Segment Open

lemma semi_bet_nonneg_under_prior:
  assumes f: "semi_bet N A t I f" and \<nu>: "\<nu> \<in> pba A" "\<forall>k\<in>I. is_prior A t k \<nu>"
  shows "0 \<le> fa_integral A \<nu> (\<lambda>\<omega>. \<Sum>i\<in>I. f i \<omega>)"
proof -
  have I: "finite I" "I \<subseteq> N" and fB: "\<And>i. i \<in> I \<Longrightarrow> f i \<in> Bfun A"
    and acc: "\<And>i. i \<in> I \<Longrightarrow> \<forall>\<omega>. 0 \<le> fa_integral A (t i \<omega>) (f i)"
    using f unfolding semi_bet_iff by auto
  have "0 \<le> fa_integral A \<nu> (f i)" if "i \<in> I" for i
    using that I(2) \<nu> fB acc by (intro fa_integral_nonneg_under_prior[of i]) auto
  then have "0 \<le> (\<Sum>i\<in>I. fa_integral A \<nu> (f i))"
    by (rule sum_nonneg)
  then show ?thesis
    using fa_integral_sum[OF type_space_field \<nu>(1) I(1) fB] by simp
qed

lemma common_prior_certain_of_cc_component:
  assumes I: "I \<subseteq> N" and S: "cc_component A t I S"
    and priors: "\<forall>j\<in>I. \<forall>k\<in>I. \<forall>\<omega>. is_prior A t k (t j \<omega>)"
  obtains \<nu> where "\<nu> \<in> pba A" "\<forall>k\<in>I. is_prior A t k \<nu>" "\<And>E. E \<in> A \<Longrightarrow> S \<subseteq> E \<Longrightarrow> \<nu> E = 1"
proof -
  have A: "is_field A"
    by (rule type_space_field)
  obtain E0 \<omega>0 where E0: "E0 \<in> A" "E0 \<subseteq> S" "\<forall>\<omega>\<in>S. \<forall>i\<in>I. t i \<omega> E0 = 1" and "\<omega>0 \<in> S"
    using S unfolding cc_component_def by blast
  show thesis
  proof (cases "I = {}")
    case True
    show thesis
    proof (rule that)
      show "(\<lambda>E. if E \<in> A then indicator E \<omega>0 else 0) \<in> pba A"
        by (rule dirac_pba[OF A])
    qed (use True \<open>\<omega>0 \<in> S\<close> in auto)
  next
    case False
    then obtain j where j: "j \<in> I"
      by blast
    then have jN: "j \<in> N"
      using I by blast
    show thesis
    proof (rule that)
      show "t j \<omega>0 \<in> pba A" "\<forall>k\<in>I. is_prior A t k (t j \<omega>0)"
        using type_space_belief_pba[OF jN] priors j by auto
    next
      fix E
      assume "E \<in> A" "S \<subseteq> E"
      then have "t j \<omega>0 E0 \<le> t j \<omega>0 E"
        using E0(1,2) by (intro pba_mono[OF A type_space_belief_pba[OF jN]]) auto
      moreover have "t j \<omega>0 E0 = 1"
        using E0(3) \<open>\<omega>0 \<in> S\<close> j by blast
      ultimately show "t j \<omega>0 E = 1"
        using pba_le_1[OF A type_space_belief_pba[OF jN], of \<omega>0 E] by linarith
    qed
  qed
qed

Segment Closed

[THE TASK] Find each line holding the string "where" in the listing above, then copy it.

[OUTPUT OF THE EXERCISE]
  obtains \<nu> where "\<nu> \<in> pba A" "\<forall>k\<in>I. is_prior A t k \<nu>" "\<And>E. E \<in> A \<Longrightarrow> S \<subseteq> E \<Longrightarrow> \<nu> E = 1"
  obtain E0 \<omega>0 where E0: "E0 \<in> A" "E0 \<subseteq> S" "\<forall>\<omega>\<in>S. \<forall>i\<in>I. t i \<omega> E0 = 1" and "\<omega>0 \<in> S"
    then obtain j where j: "j \<in> I"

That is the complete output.